lemma r_fubini_2_mod_64_period_2:
  "5 \<le> n \<Longrightarrow> r_fubini (n + 2) 2 mod 64 = r_fubini n 2 mod 64"
proof (induction n rule: less_induct)
  case (less n)
  show ?case
  proof (cases "n \<le> 12")
    case True
    with less.prems consider "n = 5" | "n = 6" | "n = 7" | "n = 8" | "n = 9" | "n = 10"
      | "n = 11" | "n = 12" by linarith
    thus ?thesis
      by cases (simp_all add: r_fubini_2_mod_64 funpow_numeral fubini_step_def upt_rec)
  next
    case False
    define n' where "n' = n - 8"
    have n: "n = n' + 8" "5 \<le> n'" using False by (simp_all add: n'_def)
    have "r_fubini (n' + 2) 2 mod 64 = r_fubini n' 2 mod 64" using less n by simp
    thus ?thesis
      using r_fubini_2_mod_64_periodic[of n'] r_fubini_2_mod_64_periodic[of "n' + 2"] n
      by (simp add: add.commute add.left_commute)
  qed
qed

lemma r_fubini_2_period_2:
  assumes "2 \<le> n"
  shows "r_fubini (n + 2) 2 mod 2 ^ min (n + 1) 6 = r_fubini n 2 mod 2 ^ min (n + 1) 6"
proof (cases "5 \<le> n")
  case True
  thus ?thesis using r_fubini_2_mod_64_period_2 by simp
next
  case False
  have dvd: "(2::nat) ^ min (n + 1) 6 dvd 64"
    using le_imp_power_dvd[of "min (n + 1) 6" 6 "2::nat"] by simp
  have reduce: "r_fubini k 2 mod 2 ^ min (n + 1) 6
          = sum_list ((fubini_step 2 64 ^^ k) [2, 0, 0, 0, 0, 0]) mod 2 ^ min (n + 1) 6" for k
  proof -
    have "r_fubini k 2 mod 2 ^ min (n + 1) 6 = r_fubini k 2 mod 64 mod 2 ^ min (n + 1) 6"
      by (rule mod_mod_cancel[OF dvd, symmetric])
    thus ?thesis by (simp only: r_fubini_2_mod_64 mod_mod_cancel[OF dvd])
  qed
  from False assms consider "n = 2" | "n = 3" | "n = 4" by linarith
  thus ?thesis
    unfolding reduce by cases (simp_all add: funpow_numeral fubini_step_def upt_rec)
qed

theorem theorem4p1:
  fixes m n :: nat
  assumes "3 \<le> m" and "m \<le> 6" and "m - 1 \<le> n"
  shows "r_fubini (n + 2) 2 mod 2 ^ m = r_fubini n 2 mod 2 ^ m"
proof -
  have dvd: "(2::nat) ^ m dvd 2 ^ min (n + 1) 6" using assms by (intro le_imp_power_dvd) simp
  have "r_fubini (n + 2) 2 mod 2 ^ m = r_fubini (n + 2) 2 mod 2 ^ min (n + 1) 6 mod 2 ^ m"
    by (rule mod_mod_cancel[OF dvd, symmetric])
  also have "\<dots> = r_fubini n 2 mod 2 ^ min (n + 1) 6 mod 2 ^ m"
    using r_fubini_2_period_2 assms by simp
  also have "\<dots> = r_fubini n 2 mod 2 ^ m" by (rule mod_mod_cancel[OF dvd])
  finally show ?thesis .
qed

end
_ _ _
Description of the task
Extract the full listing above without altering anything.

Written reply
lemma r_fubini_2_mod_64_period_2:
  "5 \<le> n \<Longrightarrow> r_fubini (n + 2) 2 mod 64 = r_fubini n 2 mod 64"
proof (induction n rule: less_induct)
  case (less n)
  show ?case
  proof (cases "n \<le> 12")
    case True
    with less.prems consider "n = 5" | "n = 6" | "n = 7" | "n = 8" | "n = 9" | "n = 10"
      | "n = 11" | "n = 12" by linarith
    thus ?thesis
      by cases (simp_all add: r_fubini_2_mod_64 funpow_numeral fubini_step_def upt_rec)
  next
    case False
    define n' where "n' = n - 8"
    have n: "n = n' + 8" "5 \<le> n'" using False by (simp_all add: n'_def)
    have "r_fubini (n' + 2) 2 mod 64 = r_fubini n' 2 mod 64" using less n by simp
    thus ?thesis
      using r_fubini_2_mod_64_periodic[of n'] r_fubini_2_mod_64_periodic[of "n' + 2"] n
      by (simp add: add.commute add.left_commute)
  qed
qed

lemma r_fubini_2_period_2:
  assumes "2 \<le> n"
  shows "r_fubini (n + 2) 2 mod 2 ^ min (n + 1) 6 = r_fubini n 2 mod 2 ^ min (n + 1) 6"
proof (cases "5 \<le> n")
  case True
  thus ?thesis using r_fubini_2_mod_64_period_2 by simp
next
  case False
  have dvd: "(2::nat) ^ min (n + 1) 6 dvd 64"
    using le_imp_power_dvd[of "min (n + 1) 6" 6 "2::nat"] by simp
  have reduce: "r_fubini k 2 mod 2 ^ min (n + 1) 6
          = sum_list ((fubini_step 2 64 ^^ k) [2, 0, 0, 0, 0, 0]) mod 2 ^ min (n + 1) 6" for k
  proof -
    have "r_fubini k 2 mod 2 ^ min (n + 1) 6 = r_fubini k 2 mod 64 mod 2 ^ min (n + 1) 6"
      by (rule mod_mod_cancel[OF dvd, symmetric])
    thus ?thesis by (simp only: r_fubini_2_mod_64 mod_mod_cancel[OF dvd])
  qed
  from False assms consider "n = 2" | "n = 3" | "n = 4" by linarith
  thus ?thesis
    unfolding reduce by cases (simp_all add: funpow_numeral fubini_step_def upt_rec)
qed

theorem theorem4p1:
  fixes m n :: nat
  assumes "3 \<le> m" and "m \<le> 6" and "m - 1 \<le> n"
  shows "r_fubini (n + 2) 2 mod 2 ^ m = r_fubini n 2 mod 2 ^ m"
proof -
  have dvd: "(2::nat) ^ m dvd 2 ^ min (n + 1) 6" using assms by (intro le_imp_power_dvd) simp
  have "r_fubini (n + 2) 2 mod 2 ^ m = r_fubini (n + 2) 2 mod 2 ^ min (n + 1) 6 mod 2 ^ m"
    by (rule mod_mod_cancel[OF dvd, symmetric])
  also have "\<dots> = r_fubini n 2 mod 2 ^ min (n + 1) 6 mod 2 ^ m"
    using r_fubini_2_period_2 assms by simp
  also have "\<dots> = r_fubini n 2 mod 2 ^ m" by (rule mod_mod_cancel[OF dvd])
  finally show ?thesis .
qed

end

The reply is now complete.